Iron anode mediated transformation of selenate in sand columns.

Removal of aqueous selenate by iron electrolysis is investigated using sand-packed column experiments under a flowing condition. An iron anode generates ferrous ions, while cathode produces hydroxide, thus producing ferrous hydroxide capable of reducing selenate to elemental selenium. Additionally, siderite could reduce selenate or selenite to elemental selenium. The removal rate of selenate is proportional to the contact time and the yield of ferrous hydroxide or ferrous carbonate. At a sequence of anode-cathode, the transformation of selenate mostly occurs in the zone after cathode. An operation of 48 h electrolysis finally transforms 82.2% of selenate at 0.2 mM of initial concentration, 1.8 m/day of seepage velocity and 1.26 mA/cm(2) of current density. A longer reactive zone after cathode slightly increases the reduction of selenate to 84.1%, in comparison with 82.2% of a shorter residence time in the reactive zone after cathode.

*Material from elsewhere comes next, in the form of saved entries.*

primrec hist :: "'a measure \<Rightarrow> (nat \<Rightarrow> 'a \<Rightarrow> 'n::finite) \<Rightarrow> ('o \<Rightarrow> nat \<Rightarrow> 'a \<Rightarrow> 'm)
    \<Rightarrow> (real^'n \<Rightarrow> 'o) \<Rightarrow> 'o \<Rightarrow> nat \<Rightarrow> 'a \<Rightarrow> ('o \<times> 'm) list" where
  "hist P X Y g i0 0 = (\<lambda>\<omega>. [(i0, Y i0 0 \<omega>)])"
| "hist P X Y g i0 (Suc t) =
     (let H = hist P X Y g i0 t;
          I = (\<lambda>\<omega>. g (condZ P X H t \<omega>))
      in (\<lambda>\<omega>. H \<omega> @ [(I \<omega>, Y (I \<omega>) (Suc t) \<omega>)]))"

definition infoZ :: "'a measure \<Rightarrow> (nat \<Rightarrow> 'a \<Rightarrow> 'n::finite) \<Rightarrow> ('o \<Rightarrow> nat \<Rightarrow> 'a \<Rightarrow> 'm)
    \<Rightarrow> (real^'n \<Rightarrow> 'o) \<Rightarrow> 'o \<Rightarrow> nat \<Rightarrow> 'a \<Rightarrow> real^'n" where
  "infoZ P X Y g i0 t = condZ P X (hist P X Y g i0 t) t"

definition infolaw :: "'a measure \<Rightarrow> (nat \<Rightarrow> 'a \<Rightarrow> 'n::finite) \<Rightarrow> ('o \<Rightarrow> nat \<Rightarrow> 'a \<Rightarrow> 'm)
    \<Rightarrow> (real^'n \<Rightarrow> 'o) \<Rightarrow> 'o \<Rightarrow> nat \<Rightarrow> (real^'n) measure" where
  "infolaw P X Y g i0 t = distr P borel (infoZ P X Y g i0 t)"

end

theory Submission
  imports Defs
begin

text \<open>
  The observed history H_t = ((I_0,Y_0),\<dots>,(I_t,Y_t)) takes finitely many values, and H_t = h is
  the event that the observation processes named in h show the values recorded in h, whose
  probability the joint law of the model gives in closed form. Hence
  \<mu>_t = \<Sum>_h P(H_t = h) \<delta>(z_h) is discrete, z_h being the posterior of X_t given h. Summing the
  joint law over the unobserved states gives the one-step prediction
  P(H_t = h, Y^(i)_{t+1} = y) = P(H_t = h) (z_h T M^(i))_y, and Bayes' rule shows that
  Z_{t+1} = r_{i,y}(z_h) on this event. Summing over h, y and the action i = g(z_h) gives the
  formula.
\<close>

lemma (in finite_measure) measure_eq_sum_fibers:
  assumes "A \<in> sets M" "finite I" "\<And>\<omega>. \<omega> \<in> space M \<Longrightarrow> f \<omega> \<in> I"
    and "\<And>v. v \<in> I \<Longrightarrow> {\<omega>\<in>space M. f \<omega> = v} \<in> sets M"
  shows "measure M A = (\<Sum>v\<in>I. measure M {\<omega>\<in>A. f \<omega> = v})"
proof -
  have "measure M A = (\<Sum>v\<in>I. measure M (A \<inter> {\<omega>\<in>space M. f \<omega> = v}))"
    by (rule measure_real_sum_image_fn) (use assms in auto)
  moreover have "A \<inter> {\<omega>\<in>space M. f \<omega> = v} = {\<omega>\<in>A. f \<omega> = v}" for v
    using sets.sets_into_space[OF assms(1)] by auto
  ultimately show ?thesis by simp
qed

With shorter electrode spacing (approximately 27% shorter), the transformation rate of selenate decreased to 73.5%; however, the specific electrical energy consumption was saved by 78%. A sequence of cathode-anode was ineffective in removing selenate because of the lack of reducing agent in the column. The results indicate that the electrochemical system might be effective in removing selenate in a single well.